RandomizedSearchCV took 4851.48 seconds for 10000 candidates parameter settings.
Model with rank: 1
Mean validation score: 0.833 (std: 0.013)
Parameters: {'kernel': 'rbf', 'C': 107.54222939713921, 'gamma': 0.013379109762586716, 'class_weight': None}

Model with rank: 2
Mean validation score: 0.832 (std: 0.012)
Parameters: {'kernel': 'rbf', 'C': 154.85033872208422, 'gamma': 0.010852578446979289, 'class_weight': None}

Model with rank: 2
Mean validation score: 0.832 (std: 0.012)
Parameters: {'kernel': 'rbf', 'C': 142.60506747360913, 'gamma': 0.011625955252680842, 'class_weight': None}
"""

params = {'kernel': 'rbf', 'C': 107.54222939713921, 'gamma': 0.013379109762586716, 'class_weight': None}
clf = SVC(**params)
scores = cross_val_score(clf, X, y, cv=4, n_jobs=-1)
print("Accuracy: %0.2f (+/- %0.2f)" % (scores.mean(), scores.std() * 2))

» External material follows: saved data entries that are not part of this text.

(* Let $\Gamma$ be a connected finite simple graph on $N\ge3$ vertices with $\varepsilon>\frac12$. If $u\ne v$ are vertices with $\mathcal N(u)\cap\mathcal N(v)\ne\emptyset$, then $\mathcal N(u)\triangle\mathcal N(v)\ne\emptyset$ and $$\sum_{w\in\mathcal N(u)\triangle\mathcal N(v)}\Big(\frac{1}{\deg w}-\frac14\Big)>\frac12.$$
   Context: For a finite simple graph $\Gamma=(V,E)$ without isolated vertices, $\deg v$ is the number of neighbours of $v$ and $\mathcal N(v)=\{w\in V: w\sim v\}$; $\triangle$ denotes symmetric difference of sets. The normalized Laplacian acts on functions $f:V\to\mathbb R$ by $\Delta f(v)=f(v)-\frac{1}{\deg v}\sum_{w\sim v}f(w)$; its eigenvalues are $0=\lambda_1\le\lambda_2\le\dots\le\lambda_N$, and $\varepsilon:=\min_i|1-\lambda_i|$. *)

theory Defs
  imports "HOL-Analysis.Analysis"
begin

definition simple_graph :: "'a set \<Rightarrow> ('a \<Rightarrow> 'a \<Rightarrow> bool) \<Rightarrow> bool" where
  "simple_graph V E \<longleftrightarrow> finite V \<and> (\<forall>x y. E x y \<longrightarrow> x \<in> V \<and> y \<in> V)
     \<and> (\<forall>x y. E x y \<longrightarrow> E y x) \<and> (\<forall>x. \<not> E x x)"

definition connected_graph :: "'a set \<Rightarrow> ('a \<Rightarrow> 'a \<Rightarrow> bool) \<Rightarrow> bool" where
  "connected_graph V E \<longleftrightarrow> (\<forall>x\<in>V. \<forall>y\<in>V. E\<^sup>*\<^sup>* x y)"

definition nbhd :: "'a set \<Rightarrow> ('a \<Rightarrow> 'a \<Rightarrow> bool) \<Rightarrow> 'a \<Rightarrow> 'a set" where
  "nbhd V E v = {w \<in> V. E w v}"

definition deg :: "'a set \<Rightarrow> ('a \<Rightarrow> 'a \<Rightarrow> bool) \<Rightarrow> 'a \<Rightarrow> nat" where
  "deg V E v = card (nbhd V E v)"

definition sym_diff :: "'a set \<Rightarrow> 'a set \<Rightarrow> 'a set" where
  "sym_diff A B = (A - B) \<union> (B - A)"

definition norm_laplacian :: "'a set \<Rightarrow> ('a \<Rightarrow> 'a \<Rightarrow> bool) \<Rightarrow> ('a \<Rightarrow> real) \<Rightarrow> 'a \<Rightarrow> real" where
  "norm_laplacian V E f v = f v - (\<Sum>w\<in>nbhd V E v. f w) / real (deg V E v)"

definition laplacian_eigenvalue :: "'a set \<Rightarrow> ('a \<Rightarrow> 'a \<Rightarrow> bool) \<Rightarrow> real \<Rightarrow> bool" where
  "laplacian_eigenvalue V E lam \<longleftrightarrow>
     (\<exists>f. (\<exists>v\<in>V. f v \<noteq> 0) \<and> (\<forall>v\<in>V. norm_laplacian V E f v = lam * f v))"

definition spectral_eps :: "'a set \<Rightarrow> ('a \<Rightarrow> 'a \<Rightarrow> bool) \<Rightarrow> real" where
  "spectral_eps V E = Min {\<bar>1 - lam\<bar> | lam. laplacian_eigenvalue V E lam}"

end

theory Submission
  imports Defs "HOL-Library.Function_Algebras"
begin

(* The eigenvalues of the normalized Laplacian are 1 - mu for the eigenvalues mu of the random
   walk operator P = I - Laplacian, which is self-adjoint for the degree-weighted inner product.
   Hence epsilon^2 is the smallest eigenvalue of P^2, i.e. the minimum of the Rayleigh quotient
   <P f, P f> / <f, f>. Testing it on f = 1_u - 1_v, for which <f, f> = deg u + deg v and
   <P f, P f> is the sum of 1 / deg w over the symmetric difference of the neighbourhoods, gives
   (deg u + deg v) / 4 < sum 1 / deg w; a common neighbour makes the symmetric difference have at
   most deg u + deg v - 2 elements, which yields the claim. *)

lemma compact_functions_box:
  "compact {g :: 'a \<Rightarrow> real. \<forall>x. g x \<in> (if x \<in> V then {-1..1} else {0})}"
proof -
  have "compactin (product_topology (\<lambda>_. euclidean) UNIV)
          (PiE UNIV (\<lambda>x. if x \<in> V then {-1..1::real} else {0}))"
    by (subst compactin_PiE) auto
  moreover have "PiE UNIV (\<lambda>x. if x \<in> V then {-1..1::real} else {0})
      = {g. \<forall>x. g x \<in> (if x \<in> V then {-1..1} else {0})}"
    by (auto simp: PiE_def extensional_def Pi_def)
  ultimately show ?thesis
    by (simp add: euclidean_product_topology)
qed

droplist = 'PassengerId'.split()
clf.fit(X,y)
predictions = clf.predict(test_data.drop(droplist, axis=1))
#print(predictions)
print('Predicted Number of Survivors: %d' % int(np.sum(predictions)))
Accuracy: 0.83 (+/- 0.02)
Predicted Number of Survivors: 162
# output .csv for upload
# submission = pd.DataFrame({
#         "PassengerId": test_data['PassengerId'].astype(int),
#         "Survived": predictions.astype(int)
#     })
#
# submission.to_csv('../submission.csv', index=False)

Summary of Results

The base model is gubbed the gender model. It predicts that all women survive and all men don’t. The second model is the SVM model above without scaling on the fare and age features. Finally, the last model is the fully scaled SVM. The results are summarized below, the accuracy is that on the test set withheld by Kaggle:

  1. gender only: 76.5%
  2. SVM non-scaled: 75.6%
  3. SVM scaled: 79.9%

The modest increase over the the base model is enough to move from the lowest rank (gender only model) to the top 15%.

It will clearly be necessary to generate additional informative features to make further progress. We didn’t focus much on the children in the problem (except through age). It may prove fruitful to leverage the sibling and parent information into a new index feature.